I will use the codebase from the previous installment to the series that can be found here. The first part focuses on creating the codebase and implementing AWS native observability, monitoring and alerting services. As always you can find the code that we used in the respective GitHub repositories over here: https://github.com/rehanvdm/MicroService.
The original system is a distributed monolith that consists of three microservices.
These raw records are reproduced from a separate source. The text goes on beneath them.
(* Let $A$ be a complete Noetherian local ring with maximal ideal $\mathfrak m$, $M$ a finitely generated $A$-module, $M_n=M\otimes_AA/\mathfrak m^n$, and $G_n=\operatorname{Aut}_A(M_n)$, with the natural reduction homomorphisms $G_{n+1}\to G_n$. Then the inverse system $(G_n)_{n\ge1}$ satisfies the Mittag-Leffler condition: for each $n\ge1$ there is $N\ge n$ such that the images of $G_i$ and $G_j$ in $G_n$ coincide for all $i,j\ge N$. *)

theory Defs
  imports Main "HOL.Modules"
begin

definition is_ideal :: "'a::comm_ring_1 set \<Rightarrow> bool" where
  "is_ideal I \<longleftrightarrow> 0 \<in> I \<and> (\<forall>x\<in>I. \<forall>y\<in>I. x + y \<in> I) \<and> (\<forall>r x. x \<in> I \<longrightarrow> r * x \<in> I)"

definition ideal_gen :: "'a::comm_ring_1 set \<Rightarrow> 'a set" where
  "ideal_gen F = {(\<Sum>a\<in>t. r a * a) | t r. finite t \<and> t \<subseteq> F}"

definition maximal_ideal :: "'a::comm_ring_1 set \<Rightarrow> bool" where
  "maximal_ideal m \<longleftrightarrow> is_ideal m \<and> m \<noteq> UNIV \<and>
     (\<forall>I. is_ideal I \<and> m \<subseteq> I \<longrightarrow> I = m \<or> I = UNIV)"

definition local_ring_with :: "'a::comm_ring_1 set \<Rightarrow> bool" where
  "local_ring_with m \<longleftrightarrow> maximal_ideal m \<and> (\<forall>I. maximal_ideal I \<longrightarrow> I = m)"

definition noetherian_ring :: "'a::comm_ring_1 itself \<Rightarrow> bool" where
  "noetherian_ring _ \<longleftrightarrow> (\<forall>I::'a set. is_ideal I \<longrightarrow> (\<exists>F. finite F \<and> F \<subseteq> I \<and> ideal_gen F = I))"

fun ideal_pow :: "'a::comm_ring_1 set \<Rightarrow> nat \<Rightarrow> 'a set" where
  "ideal_pow m 0 = UNIV"
| "ideal_pow m (Suc n) = ideal_gen {x * y | x y. x \<in> ideal_pow m n \<and> y \<in> m}"

definition adically_complete :: "'a::comm_ring_1 set \<Rightarrow> bool" where
  "adically_complete m \<longleftrightarrow>
     (\<Inter>n. ideal_pow m n) = {0} \<and>
     (\<forall>x::nat \<Rightarrow> 'a. (\<forall>k. \<exists>N. \<forall>i\<ge>N. \<forall>j\<ge>N. x i - x j \<in> ideal_pow m k)
        \<longrightarrow> (\<exists>y. \<forall>k. \<exists>N. \<forall>i\<ge>N. y - x i \<in> ideal_pow m k))"

(* submodule generated by F (literal unfolding of Modules.module.span) *)
definition submod_gen :: "('a::comm_ring_1 \<Rightarrow> 'b::ab_group_add \<Rightarrow> 'b) \<Rightarrow> 'b set \<Rightarrow> 'b set" where
  "submod_gen s F = {(\<Sum>a\<in>t. s (r a) a) | t r. finite t \<and> t \<subseteq> F}"

definition fin_gen_module :: "('a::comm_ring_1 \<Rightarrow> 'b::ab_group_add \<Rightarrow> 'b) \<Rightarrow> bool" where
  "fin_gen_module s \<longleftrightarrow> (\<exists>F. finite F \<and> submod_gen s F = UNIV)"

definition IM :: "('a::comm_ring_1 \<Rightarrow> 'b::ab_group_add \<Rightarrow> 'b) \<Rightarrow> 'a set \<Rightarrow> nat \<Rightarrow> 'b set" where
  "IM s m n = submod_gen s {s a x | a x. a \<in> ideal_pow m n}"

(* coset x + m^n M, an element of M_n = M / m^n M  (= M \<otimes>_A A/m^n) *)
definition cos :: "('a::comm_ring_1 \<Rightarrow> 'b::ab_group_add \<Rightarrow> 'b) \<Rightarrow> 'a set \<Rightarrow> nat \<Rightarrow> 'b \<Rightarrow> 'b set" where
  "cos s m n x = (\<lambda>y. x + y) ` IM s m n"

definition Mq :: "('a::comm_ring_1 \<Rightarrow> 'b::ab_group_add \<Rightarrow> 'b) \<Rightarrow> 'a set \<Rightarrow> nat \<Rightarrow> 'b set set" where
  "Mq s m n = range (cos s m n)"

(* G_n = Aut_A(M_n): A-linear bijections of M_n (extensional: {} outside M_n) *)
definition AutM :: "('a::comm_ring_1 \<Rightarrow> 'b::ab_group_add \<Rightarrow> 'b) \<Rightarrow> 'a set \<Rightarrow> nat \<Rightarrow> ('b set \<Rightarrow> 'b set) set" where
  "AutM s m n = {g. bij_betw g (Mq s m n) (Mq s m n) \<and>
     (\<forall>X. X \<notin> Mq s m n \<longrightarrow> g X = {}) \<and>
     (\<forall>x y. g (cos s m n (x + y)) = (\<lambda>(u,v). u + v) ` (g (cos s m n x) \<times> g (cos s m n y))) \<and>
     (\<forall>a x z. g (cos s m n x) = cos s m n z \<longrightarrow> g (cos s m n (s a x)) = cos s m n (s a z))}"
Within each project you can find an OpenAPI (part2/src/lambda/api/api-definition.yaml) file that defines the API definition for each service. AWS CDK is used and they all follow the similar stock standard CDK project layout: Typescript for the CDK and ES6 JS for the application code. NPM commands have been written to do deployments and it also contains end-to-end tests using Mocha and Chai. In addition, each service contains a detailed README inside the /part2 path. Note that I only have a single Lambda for the API endpoint and do internal routing. Yes, I believe in a Lambalith for the API 😊 and also prefer JSON POST over REST (more about this later).
A problem arises as soon as these microservices start to call one another. We will focus on the creation of a new person to demonstrate how this tight coupling is working.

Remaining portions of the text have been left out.